Tokenization means breaking text sentences into sentences and words. 
Stemming means to convert words into some base word. This base word may not be a proper word. For example - Stemming of words give, given, giving results in giv and giv is not a word in English dictionary.
Lemmatization is the same process as that of Stemming. However, Lemmatization results in proper word of the dictionary. 

We've to run our text through these processes to weigh the words used in the sentence. We're going to build a chatbot using NLTK and SciKit packages. Let's first import the basic packages.

In [1]:
import nltk
import numpy
import random
import string

nltk is Natural Language Toolkit
numpy is used for faster execution of array operations
We'll be using random to generate a random choice and string is imported because we'll be using some of its basics methods

In [2]:
chatbots_file = open('chatbot.txt', 'r', errors='ignore')
content = chatbots_file.read()
content = content.lower()

# UnComment this after first time download
nltk.download('punkt')
nltk.download('wordnet')

sentence_tokens = nltk.sent_tokenize(content)
word_tokens = nltk.word_tokenize(content)
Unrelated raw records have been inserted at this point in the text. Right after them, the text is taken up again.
definition k_coset :: "'a \<Rightarrow> 'a set" where
  "k_coset c = (\<lambda>y. c * y) ` (k - {0})"

lemma finite_unit_quotient_iff: "finite_unit_quotient K k \<longleftrightarrow> finite (k_coset ` (K - {0}))"
  unfolding finite_unit_quotient_def k_coset_def by (simp only: setcompr_eq_image Collect_mem_eq)

lemma k_coset_mult:
  assumes e: "e \<in> k" "e \<noteq> 0"
  shows "k_coset (e * c) = k_coset c"
proof -
  obtain e' where e': "e' \<in> k" "e * e' = 1" using k_inverse e by blast
  show ?thesis unfolding k_coset_def
  proof (intro set_eqI iffI)
    fix z assume "z \<in> (\<lambda>y. e * c * y) ` (k - {0})"
    then obtain y where y: "y \<in> k - {0}" "z = e * c * y" by blast
    then have "z = c * (e * y)" "e * y \<in> k - {0}" using e k_mult by (auto simp: ac_simps)
    then show "z \<in> (\<lambda>y. c * y) ` (k - {0})" by blast
  next
    fix z assume "z \<in> (\<lambda>y. c * y) ` (k - {0})"
    then obtain y where y: "y \<in> k - {0}" "z = c * y" by blast
    have "e * c * (e' * y) = (e * e') * (c * y)" by (simp add: ac_simps)
    then have "z = e * c * (e' * y)" using y(2) e'(2) by simp
    moreover have "e' * y \<in> k - {0}" using e' y(1) k_mult by auto
    ultimately show "z \<in> (\<lambda>y. e * c * y) ` (k - {0})" by blast
  qed
qed

lemma k_coset_eqD: "k_coset c = k_coset c' \<Longrightarrow> \<exists>e\<in>k. c = c' * e"
proof -
  assume "k_coset c = k_coset c'"
  moreover have "c \<in> k_coset c" unfolding k_coset_def using k_one by force
  ultimately show ?thesis unfolding k_coset_def by auto
qed


lemma k_coset_eq_if_assoc_in_R:
  assumes c: "c \<in> K" "c \<noteq> 0" and c': "c' \<in> K" "c' \<noteq> 0" and p: "p \<noteq> 0"
    and assoc: "assoc_in R (c * p) (c' * p)"
  shows "k_coset c = k_coset c'"
proof -
  obtain u where u: "unit_in R u" "c * p = u * (c' * p)" using assoc unfolding assoc_in_def by blast
  then have "(c - u * c') * p = 0" by (simp add: algebra_simps)
  then have cu: "c = u * c'" using p by simp
  obtain i where i: "i \<in> K" "c' * i = 1" using K_inverse c' by blast
  have "u = c * i" using cu i(2) by (metis mult.assoc mult_1_right)
  then have "u \<in> k" using K_Int_R K_mult[OF c(1) i(1)] u(1) unfolding unit_in_def by blast
  moreover have "u \<noteq> 0" using cu c(2) by auto
  ultimately show ?thesis using k_coset_mult cu by simp
qed

text \<open>The factorizations (c p)(c^-1 p) of p^2, for c \<in> K - {0}, fall into finitely many classes,
  and the class of c p determines the coset c k^x.\<close>
lemma finite_unit_quotient_if_U_FFD_R:
  assumes U: "U_FFD R" and p: "p \<in> M" "irred_in UNIV p"
  shows "finite_unit_quotient K k"
proof -
  have p_nz: "p \<noteq> 0" using p(2) unfolding irred_in_def by blast
  have irr: "irred_in R (c * p)" if "c \<in> K" "c \<noteq> 0" for c
    using irred_in_R_K_multiple[OF p(2) that] M_subset_R M_mult_left[OF p(1)] by blast
  have fact: "{#c * p, c' * p#} \<in> factorizations_in R (p * p)"
    if "c \<in> K" "c' \<in> K" "c * c' = 1" for c c'
  proof -
    have "c \<noteq> 0" "c' \<noteq> 0" using that(3) by auto
    then have "\<forall>q\<in>#{#c * p, c' * p#}. irred_in R q" using irr that(1,2) by auto
    moreover have "prod_mset {#c * p, c' * p#} = p * p" using that(3) by (simp add: algebra_simps)
    moreover have "p * p \<in> R" using M_subset_R M_mult_left[OF p(1)] by blast
    ultimately show ?thesis
      unfolding factorizations_in_def using assoc_in_refl[OF one_R] by (simp only: mem_Collect_eq)
  qed
  have "is_atomic_elem R (p * p)"
    using is_atomic_elem_if_factorization[OF mult_closed_R fact[OF K_one K_one]] by simp
  moreover have "p * p \<in> R" "p * p \<noteq> 0" using M_subset_R M_mult_left[OF p(1)] p_nz by auto
  ultimately have "finite (factorizations_in R (p * p) // fact_equiv R)"
    using U unfolding U_FFD_def by blast
  then obtain B where B: "finite B"
    "\<And>m. m \<in> factorizations_in R (p * p) \<Longrightarrow> \<exists>b\<in>B. (m, b) \<in> fact_equiv R"
    using finite_quotient_representatives fact_equiv_refl[OF one_R] by metis
  have "finite (k_coset ` (K - {0}))"
  proof (rule finite_image_if_determined_by_finite)
    show "finite (\<Union>b\<in>B. set_mset b)" using B(1) by simp
    show "\<exists>s\<in>\<Union>b\<in>B. set_mset b. assoc_in R (c * p) s" if c: "c \<in> K - {0}" for c
    proof -
      obtain c' where "c' \<in> K" "c * c' = 1" using K_inverse c by blast
      then obtain b where "b \<in> B" "(add_mset (c * p) {#c' * p#}, b) \<in> fact_equiv R"
        using B(2) fact c by blast
      then show ?thesis using rel_mset_related_member unfolding fact_equiv_def by fastforce
    qed
    show "k_coset c = k_coset c'"
      if "c \<in> K - {0}" "c' \<in> K - {0}" "assoc_in R (c * p) s" "assoc_in R (c' * p) s" for c c' s
      using that k_coset_eq_if_assoc_in_R[OF _ _ _ _ p_nz] assoc_in_sym
        assoc_in_trans[OF mult_closed_R] by blast
  qed
  then show ?thesis using finite_unit_quotient_iff by simp
qed


text \<open>The R-associate class of an element q = u p of R is determined by the coset of the
  residue of u; if p \<notin> M there is only one such coset.\<close>
lemma finite_R_classes_of_UNIV_associates:
  assumes "p \<notin> M \<or> finite_unit_quotient K k"
  obtains Q where "finite Q" "\<And>q. q \<in> R \<Longrightarrow> assoc_in UNIV q p \<Longrightarrow> \<exists>q'\<in>Q. assoc_in R q q'"
proof -
  define A where "A = {q \<in> R. assoc_in UNIV q p}"
  define unit_of where "unit_of q = (SOME u. unit_in UNIV u \<and> q = u * p)" for q
  have unit_of: "unit_in UNIV (unit_of q) \<and> q = unit_of q * p" if "q \<in> A" for q
    unfolding unit_of_def by (rule someI_ex) (use that in \<open>auto simp: A_def assoc_in_def\<close>)
  define f where "f q = k_coset (proj_K (unit_of q))" for q
  have "finite (f ` A)"
  proof (cases "p \<in> M")
    case True
    then have "finite (k_coset ` (K - {0}))" using assms finite_unit_quotient_iff by blast
    moreover have "f ` A \<subseteq> k_coset ` (K - {0})"
      unfolding f_def using unit_of proj_K(1) proj_K_unit_nonzero by blast
    ultimately show ?thesis by (rule finite_subset[rotated])
  next
    case False
    then obtain i where i: "i \<in> K" "proj_K p * i = 1"
      using K_inverse[OF proj_K(1)] proj_K_eq_0_iff by blast
    have "f q = k_coset i" if q: "q \<in> A" for q
    proof -
      have proj_q: "proj_K q = proj_K (unit_of q) * proj_K p"
        using unit_of[OF q] proj_K_mult by metis
      have "proj_K q \<in> k" using q mem_R_iff unfolding A_def by blast
      moreover have "proj_K q \<noteq> 0"
        using proj_q proj_K_unit_nonzero unit_of[OF q] i(2) by auto
      moreover have "proj_K (unit_of q) = proj_K q * i"
        using proj_q i(2) by (simp add: mult.assoc)
      ultimately show ?thesis unfolding f_def using k_coset_mult by simp
    qed
    then have "f ` A \<subseteq> {k_coset i}" by blast
    then show ?thesis using finite_subset by blast
  qed
  moreover have "(q, q') \<in> {(a, b). assoc_in R a b}"
    if q: "q \<in> A" and q': "q' \<in> A" and f_eq: "f q = f q'" for q q'
  proof -
    define u u' where "u = unit_of q" and "u' = unit_of q'"
    have u: "unit_in UNIV u" "q = u * p" and u': "unit_in UNIV u'" "q' = u' * p"
      using unit_of q q' unfolding u_def u'_def by auto
    obtain e where e: "e \<in> k" "proj_K u = proj_K u' * e"
      using k_coset_eqD f_eq unfolding f_def u_def u'_def by blast
    obtain v' where v': "unit_in UNIV v'" "u' * v' = 1" using u'(1) by (rule unit_in_inverse)
    have "q = (u * v') * q'" using u(2) u'(2) v'(2) by (simp add: ac_simps)
    moreover have "proj_K (u * v') = e"
      using e(2) v'(2) proj_K_mult proj_K_one by (metis mult.commute mult.left_commute mult_1_right)
    then have "unit_in R (u * v')"
      using unit_in_R_iff mem_R_iff e(1) unit_in_mult[OF mult_closed_UNIV u(1) v'(1)] by simp
    ultimately show ?thesis using q q' unfolding A_def assoc_in_def by blast
  qed
  ultimately obtain Q where "finite Q" "\<And>q. q \<in> A \<Longrightarrow> \<exists>q'\<in>Q. (q, q') \<in> {(a, b). assoc_in R a b}"
    by (rule finite_cover_if_finite_image) blast+
  then show ?thesis using that unfolding A_def by blast
qed


lemma is_atomic_elem_R_imp_UNIV: "is_atomic_elem R x \<Longrightarrow> is_atomic_elem UNIV x"
  unfolding is_atomic_elem_def using unit_in_R_iff irred_in_R_iff by auto

lemma U_FFD_R_if_U_FFD_UNIV:
  assumes U: "U_FFD (UNIV :: 'a set)"
    and cond: "finite_unit_quotient K k \<or> \<not> (\<exists>p\<in>M. irred_in UNIV p)"
  shows "U_FFD R"
  unfolding U_FFD_def
proof (intro ballI impI)
  fix x assume xR: "x \<in> R" and x: "x \<noteq> 0 \<and> is_atomic_elem R x"
  then have "finite (factorizations_in UNIV x // fact_equiv UNIV)"
    using U is_atomic_elem_R_imp_UNIV unfolding U_FFD_def by blast
  then obtain B where B: "B \<subseteq> factorizations_in UNIV x" "finite B"
    "\<And>m. m \<in> factorizations_in UNIV x \<Longrightarrow> \<exists>b\<in>B. (m, b) \<in> fact_equiv UNIV"
    by (rule finite_quotient_representatives) (auto intro: fact_equiv_refl)
  define P where "P = (\<Union>b\<in>B. set_mset b)"
  have "\<forall>p\<in>P. \<exists>Q. finite Q \<and> (\<forall>q. q \<in> R \<and> assoc_in UNIV q p \<longrightarrow> (\<exists>q'\<in>Q. assoc_in R q q'))"
  proof
    fix p assume "p \<in> P"
    then have "irred_in UNIV p" using B(1) unfolding P_def factorizations_in_def by blast
    then have "p \<notin> M \<or> finite_unit_quotient K k" using cond by blast
    then obtain Q where "finite Q" "\<And>q. q \<in> R \<Longrightarrow> assoc_in UNIV q p \<Longrightarrow> \<exists>q'\<in>Q. assoc_in R q q'"
      by (rule finite_R_classes_of_UNIV_associates) blast+
    then show "\<exists>Q. finite Q \<and> (\<forall>q. q \<in> R \<and> assoc_in UNIV q p \<longrightarrow> (\<exists>q'\<in>Q. assoc_in R q q'))"
      by blast
  qed
  then obtain Q where Q: "\<forall>p\<in>P. finite (Q p) \<and>
      (\<forall>q. q \<in> R \<and> assoc_in UNIV q p \<longrightarrow> (\<exists>q'\<in>Q p. assoc_in R q q'))"
    by (rule bchoice_iff[THEN iffD1, THEN exE])
  define C where "C = (\<Union>b\<in>B. multisets_of_size (\<Union>p\<in>P. Q p) (size b))"
  have "finite C" unfolding C_def using B(2) Q unfolding P_def by auto
  then show "finite (factorizations_in R x // fact_equiv R)"
  proof (rule finite_quotient_if_finite_cover[OF _ fact_equiv_sym fact_equiv_trans[OF mult_closed_R]])
    fix m assume m: "m \<in> factorizations_in R x"
    then obtain b where "b \<in> B" "(m, b) \<in> fact_equiv UNIV"
      using B(3)[OF factorization_in_R_imp_UNIV] by blast
    then have b: "b \<in> B" "rel_mset (assoc_in UNIV) m b" unfolding fact_equiv_def by simp_all
    have "\<exists>q'. q' \<in> (\<Union>p\<in>P. Q p) \<and> assoc_in R q q'" if q: "q \<in># m" for q
    proof -
      obtain p where p: "p \<in># b" "assoc_in UNIV q p" using rel_mset_related_member[OF b(2) q] by blast
      have "p \<in> P" using p(1) b(1) unfolding P_def by blast
      moreover have "q \<in> R" using m q unfolding factorizations_in_def irred_in_def by blast
      moreover have "\<forall>q. q \<in> R \<and> assoc_in UNIV q p \<longrightarrow> (\<exists>q'\<in>Q p. assoc_in R q q')"
        using Q calculation(1) by blast
      ultimately obtain q' where "q' \<in> Q p" "assoc_in R q q'" using p(2) by blast
      then show ?thesis using \<open>p \<in> P\<close> by blast
    qed
    define g where "g q = (SOME q'. q' \<in> (\<Union>p\<in>P. Q p) \<and> assoc_in R q q')" for q
    have g: "g q \<in> (\<Union>p\<in>P. Q p) \<and> assoc_in R q (g q)" if "q \<in># m" for q
      unfolding g_def by (rule someI_ex) (rule \<open>q \<in># m \<Longrightarrow> _\<close>[OF that])
    have "rel_mset (assoc_in R) m (image_mset g m)" by (rule rel_mset_image_mset) (use g in blast)
    moreover have "set_mset (image_mset g m) \<subseteq> (\<Union>p\<in>P. Q p)" using g by auto
    moreover have "size (image_mset g m) = size b" using rel_mset_size[OF b(2)] by simp
    ultimately have "image_mset g m \<in> C" "(m, image_mset g m) \<in> fact_equiv R"
      unfolding C_def multisets_of_size_def fact_equiv_def using b(1) by blast+
    then show "\<exists>c\<in>C. (m, c) \<in> fact_equiv R" by blast
  qed
qed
[nltk_data] Downloading package punkt to /home/gaurav/nltk_data...
[nltk_data]   Package punkt is already up-to-date!
[nltk_data] Downloading package wordnet to /home/gaurav/nltk_data...
[nltk_data]   Package wordnet is already up-to-date!


To get started, We're using chatbots data from wikipedia and is directly dumped into chatbot.text file. We're reading that file using the read method and then storing its entire content in lower case in the content variable. NLTK comes bundled with a lot of models (For example, it has models containing data on movie reviews and ratings). We're using its punkt and wordnet models. punkt is a pre-trained tokenizer for English. Wordnet is a lexical database for the English language created by Princeton. It can be used to find the meanings of words, synonyms, antonynms.

sent_tokenize method converts our content into sentences and word_tokenize method converts it into words. This may sound simple if we assume that the sentence tokenizer splits the text based on the occurrence of a period. But that is not correct. It is smart enough to identify the period in "Mr. John is a wise man. He wakes up early in the morning." It does't consider the dot after Mr as another sentence. 

In [3]:
lemmer = nltk.stem.WordNetLemmatizer()

We're using a WordNetLemmatizer for finding the lemma of words used in our content.

In [4]:
def lem_tokens (tokens):
    return [lemmer.lemmatize(token) for token in tokens]

In [5]:
remove_punct_dict = dict((ord(punct), None) for punct in string.punctuation)

The above sentence is used for removing the unnecessary noise created by the punctuation marks. We're putting None if any punctuation marks are present in the sentence. Let's see what we get when we print string.punctuation

In [6]:
print(string.punctuation)

!"#$%&'()*+,-./:;<=>?@[\]^_`{|}~


In [7]:
def lem_normalize (text):
    return lem_tokens(nltk.word_tokenize(text.lower().translate(remove_punct_dict)))

The `greeting` method below returns a random response from the `GREETING_RESPONSES` list if the input is anyone of the `GREETING_INPUTS`

In [8]:
GREETING_INPUTS = ("hello", "hi", "greetings", "sup", "what's up","hey")
GREETING_RESPONSES = ["hi", "hey", "*nods*", "hi there", "hello", "I am glad! You are talking to me"]

def greeting (sentence):
    for word in sentence.split():
        if word.lower() in GREETING_INPUTS:
            return random.choice(GREETING_RESPONSES)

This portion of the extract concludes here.